Average Nucleotide Identity (ANI) values between the Dolichospermum lemmermannii FEM_B0920 (GCA_037075685.1) and Dolichospermum genomes from GTDB, calculated using three different ANI formulations (see text).

ANIb	OrthoANIu	fastANI	GTDB taxonomy	NCBI taxonomy	Accession
0.979	0.979	0.978	Dolichospermum sp000312705	Anabaena sp. AL09	GCA_001672255.1
0.977	0.977	0.976	Dolichospermum sp000312705	Anabaena sp. LE011-02	GCA_001672225.1
0.969	0.968	0.966	Dolichospermum sp000312705	D. circinale CS-547	GCA_028329755.1
0.967	0.965	0.963	Dolichospermum sp000312705	Dolichospermum sp. UHCC 0260	GCA_009711985.1
0.967	0.964	0.966	Dolichospermum sp000312705	Dolichospermum sp. WA123	GCA_018447775.1
0.966	0.964	0.963	Dolichospermum sp000312705	D. lemmermannii CS-548	GCA_028330815.1
0.966	0.965	0.960	Dolichospermum sp000312705	Dolichospermum sp.
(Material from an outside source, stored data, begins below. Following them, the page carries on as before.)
lemma dnorm_lazy_avg_iter_indicator:
  "supported ((nbhd ^^ k) {y}) ((lazy_avg ^^ k) (indicator {y}))
   \<and> dnorm ((nbhd ^^ k) {y}) ((lazy_avg ^^ k) (indicator {y})) \<le> lazy_contraction ^ k * vdeg y"
proof (induction k)
  case 0
  show ?case by (simp add: supported_def dnorm_def)
next
  case (Suc k)
  let ?B = "(nbhd ^^ k) {y}" and ?g = "(lazy_avg ^^ k) (indicator {y})"
  have "dnorm (nbhd ?B) (lazy_avg ?g) \<le> lazy_contraction * dnorm ?B ?g"
    using Suc.IH finite_nbhd_pow finite_nbhd[OF finite_nbhd_pow]
    by (intro dnorm_lazy_avg_le) auto
  also have "\<dots> \<le> lazy_contraction * (lazy_contraction ^ k * vdeg y)"
    using Suc.IH lazy_contraction_bounds by (intro mult_left_mono) auto
  finally show ?case
    using Suc.IH supported_lazy_avg by simp
qed

lemma lazy_avg_iter_indicator_sq_le:
  "((lazy_avg ^^ k) (indicator {y}) x)\<^sup>2 \<le> lazy_contraction ^ k * real \<Delta>"
proof -
  let ?g = "(lazy_avg ^^ k) (indicator {y})"
  have "(?g x)\<^sup>2 \<le> dnorm ((nbhd ^^ k) {y}) ?g"
  proof (cases "x \<in> (nbhd ^^ k) {y}")
    case True
    have "(?g x)\<^sup>2 \<le> vdeg x * (?g x)\<^sup>2"
      using vdeg_ge_1[of x] by (simp add: mult_le_cancel_right1)
    also have "\<dots> \<le> dnorm ((nbhd ^^ k) {y}) ?g"
      unfolding dnorm_def using True finite_nbhd_pow vdeg_pos
      by (intro member_le_sum mult_nonneg_nonneg) (auto intro: less_imp_le)
    finally show ?thesis .
  next
    case False
    then show ?thesis
      using dnorm_lazy_avg_iter_indicator[of k y] dnorm_nonneg by (simp add: supported_def)
  qed
  also have "\<dots> \<le> lazy_contraction ^ k * vdeg y"
    using dnorm_lazy_avg_iter_indicator by blast
  also have "\<dots> \<le> lazy_contraction ^ k * real \<Delta>"
    using lazy_contraction_bounds vdeg_le_Delta by (intro mult_left_mono) auto
  finally show ?thesis .
qed

lemma walk_prob_le: "walk_prob n x y \<le> real (2 * n + 1) * lazy_contraction ^ n * real \<Delta>"
proof -
  define L where "L = (lazy_avg ^^ (2 * n)) (indicator {y}) x"
  define C where "C = real ((2 * n) choose n)"
  have "C > 0" by (simp add: C_def)
  have "C / 4 ^ n * walk_prob n x y \<le> L"
    using binomial_le_lazy_avg_iter[of "indicator {y}" "2 * n" n x]
    by (simp add: L_def C_def walk_prob_def power_mult)
  then have "C * walk_prob n x y \<le> 4 ^ n * L"
    by (simp add: field_simps)
  also have "\<dots> \<le> real (2 * n + 1) * C * L"
    using four_pow_le_central_binomial[of n] lazy_avg_iter_nonneg[of "indicator {y}"]
    by (intro mult_right_mono) (auto simp: L_def C_def)
  finally have "walk_prob n x y \<le> real (2 * n + 1) * L"
    using \<open>C > 0\<close> by (simp add: mult.commute mult.left_commute)
  also have "\<dots> \<le> real (2 * n + 1) * (lazy_contraction ^ n * real \<Delta>)"
  proof (rule mult_left_mono[OF power2_le_imp_le])
    have "L\<^sup>2 \<le> lazy_contraction ^ (2 * n) * real \<Delta>"
      unfolding L_def by (rule lazy_avg_iter_indicator_sq_le)
    also have "\<dots> \<le> lazy_contraction ^ (2 * n) * (real \<Delta>)\<^sup>2"
      using lazy_contraction_bounds Delta_ge_1 by (intro mult_left_mono) (auto simp: power2_eq_square)
    also have "\<dots> = (lazy_contraction ^ n * real \<Delta>)\<^sup>2"
      by (simp add: power_even_eq power_mult_distrib)
    finally show "L\<^sup>2 \<le> (lazy_contraction ^ n * real \<Delta>)\<^sup>2" .
  qed (use lazy_contraction_bounds in simp_all)
  finally show ?thesis by (simp add: mult.assoc)
qed

lemma weighted_walk_sum_le_tail:
  assumes "0 \<le> q" "q * lazy_contraction \<le> \<theta>" "\<theta> < 1"
  shows "(\<Sum>k\<le>n. q ^ k * walk_prob k x y) \<le> real \<Delta> * (\<Sum>i. lin_geom \<theta> (i + gdist E x y))"
proof -
  let ?d = "gdist E x y"
  have "0 \<le> q * lazy_contraction"
    using assms lazy_contraction_bounds by simp
  have "(\<Sum>k\<le>n. q ^ k * walk_prob k x y) = (\<Sum>k = ?d..n. q ^ k * walk_prob k x y)"
    by (rule sum.mono_neutral_right) (auto simp: walk_prob_below_gdist)
  also have "\<dots> \<le> (\<Sum>k = ?d..n. real \<Delta> * lin_geom \<theta> k)"
  proof (rule sum_mono)
    fix k
    have "q ^ k * walk_prob k x y \<le> q ^ k * (real (2 * k + 1) * lazy_contraction ^ k * real \<Delta>)"
      using assms walk_prob_le by (intro mult_left_mono) auto
    also have "\<dots> = real \<Delta> * (real (2 * k + 1) * (q * lazy_contraction) ^ k)"
      by (simp add: power_mult_distrib algebra_simps)
    also have "\<dots> \<le> real \<Delta> * lin_geom \<theta> k"
      unfolding lin_geom_def using assms \<open>0 \<le> q * lazy_contraction\<close>
      by (intro mult_left_mono power_mono) auto
    finally show "q ^ k * walk_prob k x y \<le> real \<Delta> * lin_geom \<theta> k" .
  qed
  also have "\<dots> \<le> real \<Delta> * (\<Sum>i. lin_geom \<theta> (i + ?d))"
    unfolding sum_distrib_left[symmetric]
    using assms \<open>0 \<le> q * lazy_contraction\<close>
    by (intro mult_left_mono sum_le_suminf_shift summable_lin_geom) (auto simp: lin_geom_def)
  finally show ?thesis .
qed

lemma hit_prob_le_tail:
  assumes "0 < u" "6 * u * (real \<Delta>)\<^sup>2 \<le> 1 - lazy_contraction"
  shows "hit_prob E \<Delta> u x y
    \<le> 3 * u * (real \<Delta>)\<^sup>2 * real \<Delta>
       * (\<Sum>i. lin_geom ((1 + lazy_contraction) / 2) (i + gdist E x y))"
proof -
  define r where "r = u * (real \<Delta>)\<^sup>2"
  have "0 < r" using assms(1) Delta_ge_1 by (simp add: r_def)
  have "r * lazy_contraction \<le> r"
    using lazy_contraction_bounds \<open>0 < r\<close> by (intro mult_left_le) auto
  have "(1 + 3 * r) * lazy_contraction = lazy_contraction + 3 * (r * lazy_contraction)"
    by (simp add: algebra_simps)
  also have "\<dots> \<le> lazy_contraction + 3 * r"
    using \<open>r * lazy_contraction \<le> r\<close> by simp
  also have "\<dots> \<le> (1 + lazy_contraction) / 2"
    using assms(2) by (simp add: r_def)
  finally have rate: "(1 + 3 * r) * lazy_contraction \<le> (1 + lazy_contraction) / 2" .
  define tail where "tail = (\<Sum>i. lin_geom ((1 + lazy_contraction) / 2) (i + gdist E x y))"
  have "measure_pmf.prob (bforest E r n x) {F. \<exists>c\<in>set F. visits y c} \<le> 3 * r * (real \<Delta> * tail)"
    for n
  proof -
    have "measure_pmf.prob (bforest E r n x) {F. \<exists>c\<in>set F. visits y c}
        \<le> 3 * r * (\<Sum>k\<le>n. (1 + 3 * r) ^ k * walk_prob k x y)"
      by (rule hit_prob_forest_le[OF \<open>0 < r\<close>])
    also have "\<dots> \<le> 3 * r * (real \<Delta> * tail)"
      unfolding tail_def using \<open>0 < r\<close> rate lazy_contraction_bounds
      by (intro mult_left_mono weighted_walk_sum_le_tail) auto
    finally show ?thesis .
  qed
  then show ?thesis
    unfolding hit_prob_def r_def tail_def by (intro cSUP_least) (auto simp: mult.assoc)
qed

lemma hit_prob_vanishes_far:
  "\<exists>u0 > 0. \<forall>x u. 0 < u \<and> u < u0 \<longrightarrow>
     (\<forall>\<epsilon> > 0. \<exists>R. \<forall>y. gdist E x y > R \<longrightarrow> hit_prob E \<Delta> u x y < \<epsilon>)"
proof (intro exI[of _ "(1 - lazy_contraction) / (6 * (real \<Delta>)\<^sup>2)"] conjI allI impI)
  show "0 < (1 - lazy_contraction) / (6 * (real \<Delta>)\<^sup>2)"
    using lazy_contraction_bounds Delta_ge_1 by simp
  fix x and u \<epsilon> :: real
  assume u: "0 < u \<and> u < (1 - lazy_contraction) / (6 * (real \<Delta>)\<^sup>2)" and "0 < \<epsilon>"
  define M where "M = 3 * u * (real \<Delta>)\<^sup>2 * real \<Delta>"
  have "0 < M" using u Delta_ge_1 by (simp add: M_def)
  have "summable (lin_geom ((1 + lazy_contraction) / 2))"
    using lazy_contraction_bounds by (intro summable_lin_geom) auto
  then obtain R where R: "\<forall>d\<ge>R. norm (\<Sum>i. lin_geom ((1 + lazy_contraction) / 2) (i + d)) < \<epsilon> / M"
    using suminf_exist_split[OF divide_pos_pos[OF \<open>0 < \<epsilon>\<close> \<open>0 < M\<close>]] by blast
  show "\<exists>R. \<forall>y. R < gdist E x y \<longrightarrow> hit_prob E \<Delta> u x y < \<epsilon>"
  proof (intro exI[of _ R] allI impI)
    fix y assume "R < gdist E x y"
    have "6 * u * (real \<Delta>)\<^sup>2 \<le> 1 - lazy_contraction"
      using u Delta_ge_1 by (simp add: field_simps)
    then have "hit_prob E \<Delta> u x y \<le> M * (\<Sum>i. lin_geom ((1 + lazy_contraction) / 2) (i + gdist E x y))"
      using u by (simp add: M_def hit_prob_le_tail)
    also have "\<dots> < M * (\<epsilon> / M)"
      using R[rule_format, of "gdist E x y"] \<open>R < gdist E x y\<close> \<open>0 < M\<close>
      by (intro mult_strict_left_mono) auto
    finally show "hit_prob E \<Delta> u x y < \<epsilon>"
      using \<open>0 < M\<close> by simp
  qed
qed

end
UHCC 0299	GCA_009711965.1
0.966	0.963	0.962	Dolichospermum sp000312705	Dolichospermum sp. UHCC 0406	GCA_009712025.1
0.966	0.964	0.962	Dolichospermum sp000312705	D. flos-aquae CCAP 1403/13F	GCA_012516395.1
0.966	0.965	0.962	Dolichospermum sp000312705	Dolichospermum sp. DET73	GCA_017355625.1

Only results with ANI_b values ≥ 0.965 were included. Descending order of values according to ANI_b. All the other Dolichospermum sp000312705 not included in this table have ANI_b values > 0.960.

Phylogenomic analyses

In the phylogenomic tree, all the genomes classified at the species level following the GTDB (D. flosaquae, D. circinale, D. heterosporum, D. gracile, and, partly, D. planctonicum) and NCBI taxonomy (D. lemmermannii) showed a clear separation into different clades (Fig. 1). D. gracile showed a relationship with the sole representative of D. compactum, but at a lower level of identity (ANI_b < 0.94) compared to intraspecific differences. Excluding D. planctonicum, all groups containing distinct species in compact clades were supported by UFBoot values > 95%.

Figure 1.

Phylogenomic tree of Dolichospermum lemmermannii FEM_B0920 together with several Dolichospermum species of the ADA group (Anabaena, Dolichospermum and Aphanizomenon) available in the Genome Taxonomy Database (GTDB). All genome names, strain identifiers and accession numbers are taken from the NCBI taxonomy. Species names are highlighted and grouped in different colors and correspond to the NCBI (D. lemmermannii; in bold) and GTDB taxonomy (D. compactum, D. gracile, D. heterosporum, D. planctonicum, D. circinale, and D. flosaquae) (see legend). The tree was rooted with Cuspidothrix issatschenkoi CHARLIE-1 as an outgroup. UFBoot, Ultrafast bootstrap values. The scale bar indicates the number of substitutions per site. Information on the individual assembled genomes is given in Table S1.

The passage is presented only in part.